• Provided data:
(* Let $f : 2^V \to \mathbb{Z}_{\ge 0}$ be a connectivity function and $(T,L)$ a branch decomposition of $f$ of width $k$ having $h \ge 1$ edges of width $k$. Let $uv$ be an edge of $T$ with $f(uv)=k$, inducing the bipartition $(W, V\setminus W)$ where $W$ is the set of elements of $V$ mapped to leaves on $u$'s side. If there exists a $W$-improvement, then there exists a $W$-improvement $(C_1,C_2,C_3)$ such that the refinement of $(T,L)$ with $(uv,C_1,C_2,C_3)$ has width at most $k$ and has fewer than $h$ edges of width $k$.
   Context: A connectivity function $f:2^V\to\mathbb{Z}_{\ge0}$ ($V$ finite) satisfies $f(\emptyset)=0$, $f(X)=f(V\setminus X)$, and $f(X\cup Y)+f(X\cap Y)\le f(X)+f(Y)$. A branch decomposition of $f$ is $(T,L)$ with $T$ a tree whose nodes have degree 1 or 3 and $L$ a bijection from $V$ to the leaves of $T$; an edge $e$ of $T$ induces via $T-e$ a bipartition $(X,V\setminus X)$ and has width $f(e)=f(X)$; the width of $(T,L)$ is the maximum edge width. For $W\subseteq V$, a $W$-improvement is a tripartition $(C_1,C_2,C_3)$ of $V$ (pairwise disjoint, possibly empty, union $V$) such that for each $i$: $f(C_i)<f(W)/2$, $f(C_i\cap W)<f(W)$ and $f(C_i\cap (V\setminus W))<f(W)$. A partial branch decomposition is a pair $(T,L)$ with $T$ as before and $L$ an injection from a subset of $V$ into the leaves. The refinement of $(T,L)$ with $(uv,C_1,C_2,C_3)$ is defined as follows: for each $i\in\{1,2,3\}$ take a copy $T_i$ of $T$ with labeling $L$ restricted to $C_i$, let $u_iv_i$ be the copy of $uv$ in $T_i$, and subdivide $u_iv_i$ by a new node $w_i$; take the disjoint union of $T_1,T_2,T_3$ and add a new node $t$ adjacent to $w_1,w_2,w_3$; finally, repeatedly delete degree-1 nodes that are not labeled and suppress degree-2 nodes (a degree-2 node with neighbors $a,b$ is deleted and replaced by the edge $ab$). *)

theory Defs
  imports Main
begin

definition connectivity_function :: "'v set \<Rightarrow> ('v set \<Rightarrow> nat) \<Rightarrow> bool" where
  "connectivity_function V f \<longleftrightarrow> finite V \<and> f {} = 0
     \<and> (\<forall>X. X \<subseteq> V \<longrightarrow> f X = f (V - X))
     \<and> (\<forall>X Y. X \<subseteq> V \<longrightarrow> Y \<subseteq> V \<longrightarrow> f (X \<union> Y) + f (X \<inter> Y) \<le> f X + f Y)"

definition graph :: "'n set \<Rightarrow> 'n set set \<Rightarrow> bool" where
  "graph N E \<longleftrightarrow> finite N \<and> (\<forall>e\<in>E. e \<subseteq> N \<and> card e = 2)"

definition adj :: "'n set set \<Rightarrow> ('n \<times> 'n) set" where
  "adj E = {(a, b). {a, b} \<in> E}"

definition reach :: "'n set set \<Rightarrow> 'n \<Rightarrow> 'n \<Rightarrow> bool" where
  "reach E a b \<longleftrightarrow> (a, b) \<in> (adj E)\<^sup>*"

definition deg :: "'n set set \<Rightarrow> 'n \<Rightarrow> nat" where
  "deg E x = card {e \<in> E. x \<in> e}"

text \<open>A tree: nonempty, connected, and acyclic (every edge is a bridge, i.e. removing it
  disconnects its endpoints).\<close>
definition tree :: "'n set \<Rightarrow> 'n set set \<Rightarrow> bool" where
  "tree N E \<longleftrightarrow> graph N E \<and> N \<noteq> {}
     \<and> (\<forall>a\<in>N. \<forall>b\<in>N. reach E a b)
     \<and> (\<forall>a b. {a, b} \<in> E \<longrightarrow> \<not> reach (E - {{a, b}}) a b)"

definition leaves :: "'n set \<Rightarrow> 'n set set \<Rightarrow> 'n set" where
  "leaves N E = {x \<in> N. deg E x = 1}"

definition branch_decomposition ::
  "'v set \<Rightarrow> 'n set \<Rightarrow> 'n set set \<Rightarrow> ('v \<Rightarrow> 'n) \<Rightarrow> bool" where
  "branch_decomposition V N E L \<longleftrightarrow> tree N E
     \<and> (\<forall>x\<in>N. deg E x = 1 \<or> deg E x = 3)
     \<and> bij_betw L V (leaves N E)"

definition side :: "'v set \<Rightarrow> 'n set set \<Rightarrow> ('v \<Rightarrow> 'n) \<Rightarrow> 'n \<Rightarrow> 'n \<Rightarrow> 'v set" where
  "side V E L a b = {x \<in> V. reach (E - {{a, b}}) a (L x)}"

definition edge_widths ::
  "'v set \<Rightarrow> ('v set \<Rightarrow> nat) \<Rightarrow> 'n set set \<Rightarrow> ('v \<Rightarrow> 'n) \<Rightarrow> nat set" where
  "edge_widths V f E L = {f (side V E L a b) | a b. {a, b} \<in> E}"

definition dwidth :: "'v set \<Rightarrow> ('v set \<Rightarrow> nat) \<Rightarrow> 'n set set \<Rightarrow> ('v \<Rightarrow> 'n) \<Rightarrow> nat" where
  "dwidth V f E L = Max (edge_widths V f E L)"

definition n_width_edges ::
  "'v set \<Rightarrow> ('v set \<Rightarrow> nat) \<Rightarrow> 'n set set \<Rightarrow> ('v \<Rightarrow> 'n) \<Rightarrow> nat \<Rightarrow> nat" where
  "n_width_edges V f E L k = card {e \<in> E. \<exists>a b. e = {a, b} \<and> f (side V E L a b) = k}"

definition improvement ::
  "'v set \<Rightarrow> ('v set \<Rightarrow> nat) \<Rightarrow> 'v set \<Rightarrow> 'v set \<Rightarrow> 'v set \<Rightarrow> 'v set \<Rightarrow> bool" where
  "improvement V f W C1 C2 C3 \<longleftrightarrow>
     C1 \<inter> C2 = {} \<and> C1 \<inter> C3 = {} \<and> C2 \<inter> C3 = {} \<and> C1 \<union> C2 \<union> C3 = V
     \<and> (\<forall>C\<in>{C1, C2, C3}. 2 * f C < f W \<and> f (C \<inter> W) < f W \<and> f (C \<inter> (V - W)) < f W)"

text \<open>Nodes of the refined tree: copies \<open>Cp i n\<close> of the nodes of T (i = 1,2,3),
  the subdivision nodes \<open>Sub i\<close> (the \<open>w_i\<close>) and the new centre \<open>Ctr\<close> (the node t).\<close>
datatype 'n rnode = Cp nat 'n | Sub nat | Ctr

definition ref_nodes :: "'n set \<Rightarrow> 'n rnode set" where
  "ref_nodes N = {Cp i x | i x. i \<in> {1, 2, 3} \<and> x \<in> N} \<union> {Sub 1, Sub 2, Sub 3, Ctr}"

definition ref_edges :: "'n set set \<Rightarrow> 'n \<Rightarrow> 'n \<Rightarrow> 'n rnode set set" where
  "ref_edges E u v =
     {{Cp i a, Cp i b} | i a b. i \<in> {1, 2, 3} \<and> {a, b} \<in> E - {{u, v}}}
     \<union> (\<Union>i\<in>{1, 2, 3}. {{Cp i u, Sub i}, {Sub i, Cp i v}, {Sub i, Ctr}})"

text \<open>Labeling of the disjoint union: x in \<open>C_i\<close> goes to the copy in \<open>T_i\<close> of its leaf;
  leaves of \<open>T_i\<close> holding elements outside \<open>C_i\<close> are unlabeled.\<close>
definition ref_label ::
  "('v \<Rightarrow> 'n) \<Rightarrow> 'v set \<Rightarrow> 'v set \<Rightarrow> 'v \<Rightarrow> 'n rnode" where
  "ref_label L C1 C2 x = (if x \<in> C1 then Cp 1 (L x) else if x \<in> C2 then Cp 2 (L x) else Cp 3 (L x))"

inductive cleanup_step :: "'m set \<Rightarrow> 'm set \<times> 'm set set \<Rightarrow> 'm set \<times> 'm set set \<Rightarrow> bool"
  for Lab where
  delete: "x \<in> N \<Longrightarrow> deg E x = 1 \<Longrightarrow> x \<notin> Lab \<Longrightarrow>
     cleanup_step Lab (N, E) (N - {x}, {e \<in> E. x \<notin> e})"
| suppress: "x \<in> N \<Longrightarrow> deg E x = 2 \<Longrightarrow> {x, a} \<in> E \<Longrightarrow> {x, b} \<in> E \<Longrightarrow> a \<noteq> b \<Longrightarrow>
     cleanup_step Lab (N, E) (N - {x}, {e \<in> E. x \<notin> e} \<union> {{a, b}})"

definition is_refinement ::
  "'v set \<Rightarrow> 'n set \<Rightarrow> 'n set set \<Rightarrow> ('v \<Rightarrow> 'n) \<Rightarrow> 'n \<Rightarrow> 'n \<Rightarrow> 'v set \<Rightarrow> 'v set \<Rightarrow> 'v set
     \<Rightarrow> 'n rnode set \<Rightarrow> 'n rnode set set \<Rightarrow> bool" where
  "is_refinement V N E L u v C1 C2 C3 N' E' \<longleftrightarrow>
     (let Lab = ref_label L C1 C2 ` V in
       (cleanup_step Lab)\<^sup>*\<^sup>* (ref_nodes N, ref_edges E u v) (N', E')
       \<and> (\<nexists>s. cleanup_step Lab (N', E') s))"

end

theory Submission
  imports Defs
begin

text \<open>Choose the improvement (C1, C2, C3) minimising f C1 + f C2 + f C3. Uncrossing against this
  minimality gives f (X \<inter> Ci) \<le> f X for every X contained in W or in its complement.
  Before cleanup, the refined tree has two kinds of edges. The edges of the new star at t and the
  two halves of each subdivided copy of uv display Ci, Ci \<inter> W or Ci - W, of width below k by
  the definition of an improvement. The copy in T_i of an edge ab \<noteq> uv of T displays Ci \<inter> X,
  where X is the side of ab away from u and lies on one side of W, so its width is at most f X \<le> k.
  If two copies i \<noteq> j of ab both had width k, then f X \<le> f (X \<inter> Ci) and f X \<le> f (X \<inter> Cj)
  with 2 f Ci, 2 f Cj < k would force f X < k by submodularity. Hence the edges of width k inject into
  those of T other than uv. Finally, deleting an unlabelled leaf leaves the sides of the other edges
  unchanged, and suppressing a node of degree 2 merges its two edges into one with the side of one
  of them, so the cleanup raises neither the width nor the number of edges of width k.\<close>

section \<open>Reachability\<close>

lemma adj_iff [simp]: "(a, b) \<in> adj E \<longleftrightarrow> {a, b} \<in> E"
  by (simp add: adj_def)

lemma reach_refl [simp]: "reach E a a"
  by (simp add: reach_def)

• Work task:
Scan the lines above, and whenever one holds the string "rnode", copy it.

• Solution for this exercise:
datatype 'n rnode = Cp nat 'n | Sub nat | Ctr
definition ref_nodes :: "'n set \<Rightarrow> 'n rnode set" where
definition ref_edges :: "'n set set \<Rightarrow> 'n \<Rightarrow> 'n \<Rightarrow> 'n rnode set set" where
  "('v \<Rightarrow> 'n) \<Rightarrow> 'v set \<Rightarrow> 'v set \<Rightarrow> 'v \<Rightarrow> 'n rnode" where
     \<Rightarrow> 'n rnode set \<Rightarrow> 'n rnode set set \<Rightarrow> bool" where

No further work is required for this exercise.